## Collected data
* * * *

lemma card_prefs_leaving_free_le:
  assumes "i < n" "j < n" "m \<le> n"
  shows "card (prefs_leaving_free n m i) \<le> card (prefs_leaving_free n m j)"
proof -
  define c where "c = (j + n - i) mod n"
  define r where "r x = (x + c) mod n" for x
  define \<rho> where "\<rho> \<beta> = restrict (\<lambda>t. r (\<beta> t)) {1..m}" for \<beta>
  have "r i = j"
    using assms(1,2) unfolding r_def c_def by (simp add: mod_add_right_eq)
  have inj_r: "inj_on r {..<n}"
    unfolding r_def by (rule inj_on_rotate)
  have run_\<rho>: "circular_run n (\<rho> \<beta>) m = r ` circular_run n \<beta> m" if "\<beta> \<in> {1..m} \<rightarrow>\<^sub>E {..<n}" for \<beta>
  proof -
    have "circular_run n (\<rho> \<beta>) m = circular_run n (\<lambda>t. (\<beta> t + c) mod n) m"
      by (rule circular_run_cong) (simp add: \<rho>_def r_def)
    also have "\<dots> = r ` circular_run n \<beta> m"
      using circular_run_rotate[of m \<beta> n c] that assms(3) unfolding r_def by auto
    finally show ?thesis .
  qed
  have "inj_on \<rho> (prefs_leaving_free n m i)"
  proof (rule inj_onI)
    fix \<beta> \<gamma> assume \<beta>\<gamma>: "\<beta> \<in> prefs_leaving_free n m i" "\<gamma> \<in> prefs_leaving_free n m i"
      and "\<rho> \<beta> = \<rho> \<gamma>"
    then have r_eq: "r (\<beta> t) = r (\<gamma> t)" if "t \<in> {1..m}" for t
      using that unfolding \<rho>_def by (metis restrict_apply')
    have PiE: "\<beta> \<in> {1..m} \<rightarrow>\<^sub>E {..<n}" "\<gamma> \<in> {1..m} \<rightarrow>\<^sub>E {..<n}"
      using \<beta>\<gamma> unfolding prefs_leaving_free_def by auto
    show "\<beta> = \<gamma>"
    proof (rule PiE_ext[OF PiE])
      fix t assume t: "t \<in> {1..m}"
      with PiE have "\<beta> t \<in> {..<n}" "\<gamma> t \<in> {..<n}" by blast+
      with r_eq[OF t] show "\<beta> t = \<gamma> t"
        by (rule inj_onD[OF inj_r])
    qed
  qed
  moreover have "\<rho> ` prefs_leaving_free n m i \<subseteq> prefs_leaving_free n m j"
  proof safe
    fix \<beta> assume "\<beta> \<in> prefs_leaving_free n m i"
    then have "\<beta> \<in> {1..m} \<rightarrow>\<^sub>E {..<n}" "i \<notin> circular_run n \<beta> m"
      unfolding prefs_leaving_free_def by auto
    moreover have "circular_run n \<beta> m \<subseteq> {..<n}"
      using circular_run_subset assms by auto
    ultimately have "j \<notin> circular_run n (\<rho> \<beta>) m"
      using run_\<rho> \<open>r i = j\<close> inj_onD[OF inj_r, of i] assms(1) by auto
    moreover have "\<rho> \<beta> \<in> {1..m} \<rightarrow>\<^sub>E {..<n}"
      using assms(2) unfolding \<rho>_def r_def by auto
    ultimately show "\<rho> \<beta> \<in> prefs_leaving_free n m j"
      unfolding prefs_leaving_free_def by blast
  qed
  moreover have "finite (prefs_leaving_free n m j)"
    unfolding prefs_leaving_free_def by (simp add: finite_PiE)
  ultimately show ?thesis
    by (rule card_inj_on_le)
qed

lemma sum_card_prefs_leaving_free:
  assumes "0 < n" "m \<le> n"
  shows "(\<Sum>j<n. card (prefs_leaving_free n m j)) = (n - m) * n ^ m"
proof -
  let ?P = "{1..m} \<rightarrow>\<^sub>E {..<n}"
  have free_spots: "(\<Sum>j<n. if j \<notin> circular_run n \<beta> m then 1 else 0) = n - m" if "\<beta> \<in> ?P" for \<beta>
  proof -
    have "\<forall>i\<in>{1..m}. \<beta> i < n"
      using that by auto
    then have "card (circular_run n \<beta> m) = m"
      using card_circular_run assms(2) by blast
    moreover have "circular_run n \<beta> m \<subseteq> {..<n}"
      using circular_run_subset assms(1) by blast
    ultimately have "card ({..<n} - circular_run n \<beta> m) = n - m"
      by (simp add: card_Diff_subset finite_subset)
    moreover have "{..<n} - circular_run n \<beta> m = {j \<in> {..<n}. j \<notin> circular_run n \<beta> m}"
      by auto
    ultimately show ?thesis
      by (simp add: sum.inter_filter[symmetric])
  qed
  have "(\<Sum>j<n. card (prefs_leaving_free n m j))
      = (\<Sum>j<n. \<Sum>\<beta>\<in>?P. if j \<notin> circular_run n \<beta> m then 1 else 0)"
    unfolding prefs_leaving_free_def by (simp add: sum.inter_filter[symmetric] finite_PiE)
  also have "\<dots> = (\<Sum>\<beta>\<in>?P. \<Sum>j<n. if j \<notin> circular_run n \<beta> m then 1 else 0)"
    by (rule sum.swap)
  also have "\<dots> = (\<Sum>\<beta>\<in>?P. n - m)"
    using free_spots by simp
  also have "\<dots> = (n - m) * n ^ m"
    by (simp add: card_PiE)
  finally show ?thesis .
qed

* * * *

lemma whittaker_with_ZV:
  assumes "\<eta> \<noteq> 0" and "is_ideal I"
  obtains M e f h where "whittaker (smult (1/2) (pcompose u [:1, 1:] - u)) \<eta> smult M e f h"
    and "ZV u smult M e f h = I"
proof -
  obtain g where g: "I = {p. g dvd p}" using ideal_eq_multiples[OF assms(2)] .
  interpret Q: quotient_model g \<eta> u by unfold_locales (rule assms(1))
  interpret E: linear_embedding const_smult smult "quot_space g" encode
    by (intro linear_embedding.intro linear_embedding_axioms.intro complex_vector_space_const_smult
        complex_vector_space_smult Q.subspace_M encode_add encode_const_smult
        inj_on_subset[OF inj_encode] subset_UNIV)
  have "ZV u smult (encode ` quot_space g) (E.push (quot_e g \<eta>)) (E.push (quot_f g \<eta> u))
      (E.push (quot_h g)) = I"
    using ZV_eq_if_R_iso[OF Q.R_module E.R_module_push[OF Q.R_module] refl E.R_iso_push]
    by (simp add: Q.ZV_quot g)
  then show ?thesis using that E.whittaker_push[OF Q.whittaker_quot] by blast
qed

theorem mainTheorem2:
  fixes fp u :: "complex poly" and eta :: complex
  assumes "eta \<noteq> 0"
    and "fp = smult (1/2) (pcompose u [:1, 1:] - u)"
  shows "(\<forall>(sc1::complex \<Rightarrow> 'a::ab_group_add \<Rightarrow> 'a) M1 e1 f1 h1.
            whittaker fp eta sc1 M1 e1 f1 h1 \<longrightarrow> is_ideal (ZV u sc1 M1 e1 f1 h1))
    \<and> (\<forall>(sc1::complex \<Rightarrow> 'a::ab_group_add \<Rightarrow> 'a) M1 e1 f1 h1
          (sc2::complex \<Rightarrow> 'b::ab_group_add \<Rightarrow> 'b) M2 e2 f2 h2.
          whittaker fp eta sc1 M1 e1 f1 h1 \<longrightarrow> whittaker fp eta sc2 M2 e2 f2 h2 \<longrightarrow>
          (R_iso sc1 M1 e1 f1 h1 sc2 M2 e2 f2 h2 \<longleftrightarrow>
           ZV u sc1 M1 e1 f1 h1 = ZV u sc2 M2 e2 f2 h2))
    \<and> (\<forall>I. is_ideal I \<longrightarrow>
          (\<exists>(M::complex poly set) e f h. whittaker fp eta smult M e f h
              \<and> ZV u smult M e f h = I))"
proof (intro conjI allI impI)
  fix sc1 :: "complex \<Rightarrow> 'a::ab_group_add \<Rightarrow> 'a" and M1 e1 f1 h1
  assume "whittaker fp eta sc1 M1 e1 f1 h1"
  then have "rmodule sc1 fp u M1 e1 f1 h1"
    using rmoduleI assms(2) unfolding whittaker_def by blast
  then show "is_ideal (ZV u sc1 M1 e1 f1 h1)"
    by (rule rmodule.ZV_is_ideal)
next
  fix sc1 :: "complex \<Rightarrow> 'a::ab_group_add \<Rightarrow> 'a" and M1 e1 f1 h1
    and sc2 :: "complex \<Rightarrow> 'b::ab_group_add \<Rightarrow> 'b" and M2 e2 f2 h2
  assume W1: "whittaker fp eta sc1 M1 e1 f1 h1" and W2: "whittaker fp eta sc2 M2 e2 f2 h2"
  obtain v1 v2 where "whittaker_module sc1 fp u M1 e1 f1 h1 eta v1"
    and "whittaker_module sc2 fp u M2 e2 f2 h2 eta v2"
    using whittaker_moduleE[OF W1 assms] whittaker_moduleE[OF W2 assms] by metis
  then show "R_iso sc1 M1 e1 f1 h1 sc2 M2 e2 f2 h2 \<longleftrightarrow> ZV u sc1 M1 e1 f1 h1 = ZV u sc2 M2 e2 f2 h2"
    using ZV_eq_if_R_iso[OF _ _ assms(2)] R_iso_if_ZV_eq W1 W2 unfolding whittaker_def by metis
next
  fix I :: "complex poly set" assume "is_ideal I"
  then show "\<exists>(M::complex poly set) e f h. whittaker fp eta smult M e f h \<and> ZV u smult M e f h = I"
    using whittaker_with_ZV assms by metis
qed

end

* * * *

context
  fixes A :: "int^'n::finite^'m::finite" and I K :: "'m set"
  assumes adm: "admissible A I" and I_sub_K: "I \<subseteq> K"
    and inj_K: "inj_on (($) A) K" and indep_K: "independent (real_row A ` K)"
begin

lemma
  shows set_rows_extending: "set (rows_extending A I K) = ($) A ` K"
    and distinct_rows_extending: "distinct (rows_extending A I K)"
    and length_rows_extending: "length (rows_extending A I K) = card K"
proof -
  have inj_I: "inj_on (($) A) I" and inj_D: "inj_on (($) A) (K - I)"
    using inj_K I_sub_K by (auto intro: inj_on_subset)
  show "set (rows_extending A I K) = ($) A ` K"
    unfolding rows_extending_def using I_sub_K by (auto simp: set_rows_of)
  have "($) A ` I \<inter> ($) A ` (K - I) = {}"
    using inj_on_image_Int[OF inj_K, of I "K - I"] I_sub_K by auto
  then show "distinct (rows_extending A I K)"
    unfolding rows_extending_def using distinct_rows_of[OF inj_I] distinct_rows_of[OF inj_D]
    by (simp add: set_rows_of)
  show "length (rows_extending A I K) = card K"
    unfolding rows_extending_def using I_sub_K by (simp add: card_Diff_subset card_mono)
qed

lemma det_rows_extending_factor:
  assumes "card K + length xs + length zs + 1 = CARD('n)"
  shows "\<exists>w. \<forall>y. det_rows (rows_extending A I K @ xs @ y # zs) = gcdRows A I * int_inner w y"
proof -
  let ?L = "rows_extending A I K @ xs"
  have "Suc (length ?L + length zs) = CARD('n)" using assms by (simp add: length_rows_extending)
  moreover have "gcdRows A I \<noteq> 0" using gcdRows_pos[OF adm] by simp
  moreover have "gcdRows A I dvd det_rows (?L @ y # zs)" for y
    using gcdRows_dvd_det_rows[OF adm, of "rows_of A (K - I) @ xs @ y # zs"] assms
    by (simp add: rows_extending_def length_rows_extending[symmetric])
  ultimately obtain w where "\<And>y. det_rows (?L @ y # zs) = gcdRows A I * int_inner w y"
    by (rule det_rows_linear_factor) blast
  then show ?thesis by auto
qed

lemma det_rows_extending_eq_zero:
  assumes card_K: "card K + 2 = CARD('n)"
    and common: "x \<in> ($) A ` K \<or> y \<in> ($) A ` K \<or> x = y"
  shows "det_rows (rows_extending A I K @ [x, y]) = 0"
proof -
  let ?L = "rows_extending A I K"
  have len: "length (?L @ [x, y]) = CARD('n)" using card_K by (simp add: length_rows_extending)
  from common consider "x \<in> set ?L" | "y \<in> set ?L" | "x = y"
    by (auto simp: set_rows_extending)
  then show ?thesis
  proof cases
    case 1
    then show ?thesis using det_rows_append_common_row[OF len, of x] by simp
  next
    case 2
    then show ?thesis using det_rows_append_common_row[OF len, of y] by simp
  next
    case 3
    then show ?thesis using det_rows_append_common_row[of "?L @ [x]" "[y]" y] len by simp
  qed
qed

* * * *

## TASK DESCRIPTION
Return exactly, and only, the lines above starting at the line that contains "(\<exists>(M::complex poly set)" and ending at the line that contains "and M2 e2 f2 h2".

## FINISHED TASK
          (\<exists>(M::complex poly set) e f h. whittaker fp eta smult M e f h
              \<and> ZV u smult M e f h = I))"
proof (intro conjI allI impI)
  fix sc1 :: "complex \<Rightarrow> 'a::ab_group_add \<Rightarrow> 'a" and M1 e1 f1 h1
  assume "whittaker fp eta sc1 M1 e1 f1 h1"
  then have "rmodule sc1 fp u M1 e1 f1 h1"
    using rmoduleI assms(2) unfolding whittaker_def by blast
  then show "is_ideal (ZV u sc1 M1 e1 f1 h1)"
    by (rule rmodule.ZV_is_ideal)
next
  fix sc1 :: "complex \<Rightarrow> 'a::ab_group_add \<Rightarrow> 'a" and M1 e1 f1 h1
    and sc2 :: "complex \<Rightarrow> 'b::ab_group_add \<Rightarrow> 'b" and M2 e2 f2 h2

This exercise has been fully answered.